The problem: Send back the entries below exactly as they appear.

(Stored data)
lemma steps_LU_eq: "steps LU = Suc ` steps LD"
proof (intro equalityI subsetI)
  fix j assume j: "j \<in> steps LU"
  have "1 < j"
    using steps_greater_1[OF j] by simp
  moreover have "odd (lvl G (\<psi>!(j - 1)))"
    using j lvl_step_up[of n \<psi> j LU] by (simp add: steps_def)
  ultimately obtain s where "(s, LU) \<in> allowed_inner" and "j - 1 \<in> steps s"
    using predecessor_step[OF j] by blast
  then have "j - 1 \<in> steps LD"
    by (auto simp: allowed_inner_def)
  with \<open>1 < j\<close> show "j \<in> Suc ` steps LD"
    by (metis Suc_diff_1 image_eqI less_trans zero_less_one)
next
  fix j assume "j \<in> Suc ` steps LD"
  then obtain k where k: "k \<in> steps LD" and j: "j = Suc k"
    by blast
  have "k < l"
    using steps_less_l[OF k] by simp
  moreover have "odd (lvl G (\<psi>!k))"
    using k lvl_step_down[of n \<psi> k LD] by (simp add: steps_def)
  ultimately obtain t where "(LD, t) \<in> allowed_inner" and "Suc k \<in> steps t"
    using successor_step[OF k] by blast
  with j show "j \<in> steps LU"
    by (auto simp: allowed_inner_def)
qed

lemma nsteps_eq_card_steps_SU: "nsteps G n \<psi> t = card (steps SU)"
proof -
  have "card (steps RU) = card (steps SU)" and "card (steps LU) = card (steps LD)"
    unfolding steps_RU_eq steps_LU_eq by (simp_all add: card_image)
  then show ?thesis
    by (cases t) (simp_all add: nsteps_eq_card_steps card_steps_SU_SD[symmetric] card_steps_RU_LD[symmetric]
        card_steps_LU_RD[symmetric])
qed

lemma step_down_iff_not_up:
  assumes "k \<in> {1..l}"
  shows "step_down G n \<psi> k \<longleftrightarrow> \<not> step_up G n \<psi> k"
proof -
  obtain t where t: "step G n \<psi> k t"
    using step_exists_in_walk[OF assms] by blast
  then have "step G n \<psi> k t' \<longleftrightarrow> t' = t" for t'
    using step_unique by blast
  then show ?thesis
    unfolding step_up_iff step_down_iff by auto
qed

lemma N_circ_eq_steps_LD: "N_circ G n \<psi> = steps LD"
proof (intro equalityI subsetI)
  fix k assume "k \<in> N_circ G n \<psi>"
  then have k: "0 < k" "k < l" and "step_down G n \<psi> k" "step_up G n \<psi> (Suc k)"
    by (auto simp: N_circ_def)
  then obtain s t where s: "\<not> is_up s" "step G n \<psi> k s" and t: "is_up t" "step G n \<psi> (Suc k) t"
    unfolding step_up_iff step_down_iff by blast
  have "\<psi>!k \<notin> bnd G n"
    using bnd_turn_allowed[OF k _ s(2) t(2)] allowed_bnd_up_down s(1) by blast
  then have "(s, t) \<in> allowed_inner"
    using inner_turn_allowed[OF k _ s(2) t(2)] bnd_iff_not_inner k(2) by simp
  then have "s = LD"
    using allowed_inner_down_up s(1) t(1) by blast
  with k s(2) show "k \<in> steps LD"
    by (simp add: steps_def)
next
  fix k assume k: "k \<in> steps LD"
  have "k < l"
    using steps_less_l[OF k] by simp
  moreover have "odd (lvl G (\<psi>!k))"
    using k lvl_step_down[of n \<psi> k LD] by (simp add: steps_def)
  ultimately obtain t where "(LD, t) \<in> allowed_inner" and "Suc k \<in> steps t"
    using successor_step[OF k] by blast
  then have "step G n \<psi> (Suc k) LU"
    by (auto simp: allowed_inner_def steps_def)
  with k \<open>k < l\<close> show "k \<in> N_circ G n \<psi>"
    by (auto simp: N_circ_def steps_def step_up_def step_down_def)
qed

Exercise result:
lemma steps_LU_eq: "steps LU = Suc ` steps LD"
proof (intro equalityI subsetI)
  fix j assume j: "j \<in> steps LU"
  have "1 < j"
    using steps_greater_1[OF j] by simp
  moreover have "odd (lvl G (\<psi>!(j - 1)))"
    using j lvl_step_up[of n \<psi> j LU] by (simp add: steps_def)
  ultimately obtain s where "(s, LU) \<in> allowed_inner" and "j - 1 \<in> steps s"
    using predecessor_step[OF j] by blast
  then have "j - 1 \<in> steps LD"
    by (auto simp: allowed_inner_def)
  with \<open>1 < j\<close> show "j \<in> Suc ` steps LD"
    by (metis Suc_diff_1 image_eqI less_trans zero_less_one)
next
  fix j assume "j \<in> Suc ` steps LD"
  then obtain k where k: "k \<in> steps LD" and j: "j = Suc k"
    by blast
  have "k < l"
    using steps_less_l[OF k] by simp
  moreover have "odd (lvl G (\<psi>!k))"
    using k lvl_step_down[of n \<psi> k LD] by (simp add: steps_def)
  ultimately obtain t where "(LD, t) \<in> allowed_inner" and "Suc k \<in> steps t"
    using successor_step[OF k] by blast
  with j show "j \<in> steps LU"
    by (auto simp: allowed_inner_def)
qed

lemma nsteps_eq_card_steps_SU: "nsteps G n \<psi> t = card (steps SU)"
proof -
  have "card (steps RU) = card (steps SU)" and "card (steps LU) = card (steps LD)"
    unfolding steps_RU_eq steps_LU_eq by (simp_all add: card_image)
  then show ?thesis
    by (cases t) (simp_all add: nsteps_eq_card_steps card_steps_SU_SD[symmetric] card_steps_RU_LD[symmetric]
        card_steps_LU_RD[symmetric])
qed

lemma step_down_iff_not_up:
  assumes "k \<in> {1..l}"
  shows "step_down G n \<psi> k \<longleftrightarrow> \<not> step_up G n \<psi> k"
proof -
  obtain t where t: "step G n \<psi> k t"
    using step_exists_in_walk[OF assms] by blast
  then have "step G n \<psi> k t' \<longleftrightarrow> t' = t" for t'
    using step_unique by blast
  then show ?thesis
    unfolding step_up_iff step_down_iff by auto
qed

lemma N_circ_eq_steps_LD: "N_circ G n \<psi> = steps LD"
proof (intro equalityI subsetI)
  fix k assume "k \<in> N_circ G n \<psi>"
  then have k: "0 < k" "k < l" and "step_down G n \<psi> k" "step_up G n \<psi> (Suc k)"
    by (auto simp: N_circ_def)
  then obtain s t where s: "\<not> is_up s" "step G n \<psi> k s" and t: "is_up t" "step G n \<psi> (Suc k) t"
    unfolding step_up_iff step_down_iff by blast
  have "\<psi>!k \<notin> bnd G n"
    using bnd_turn_allowed[OF k _ s(2) t(2)] allowed_bnd_up_down s(1) by blast
  then have "(s, t) \<in> allowed_inner"
    using inner_turn_allowed[OF k _ s(2) t(2)] bnd_iff_not_inner k(2) by simp
  then have "s = LD"
    using allowed_inner_down_up s(1) t(1) by blast
  with k s(2) show "k \<in> steps LD"
    by (simp add: steps_def)
next
  fix k assume k: "k \<in> steps LD"
  have "k < l"
    using steps_less_l[OF k] by simp
  moreover have "odd (lvl G (\<psi>!k))"
    using k lvl_step_down[of n \<psi> k LD] by (simp add: steps_def)
  ultimately obtain t where "(LD, t) \<in> allowed_inner" and "Suc k \<in> steps t"
    using successor_step[OF k] by blast
  then have "step G n \<psi> (Suc k) LU"
    by (auto simp: allowed_inner_def steps_def)
  with k \<open>k < l\<close> show "k \<in> N_circ G n \<psi>"
    by (auto simp: N_circ_def steps_def step_up_def step_down_def)
qed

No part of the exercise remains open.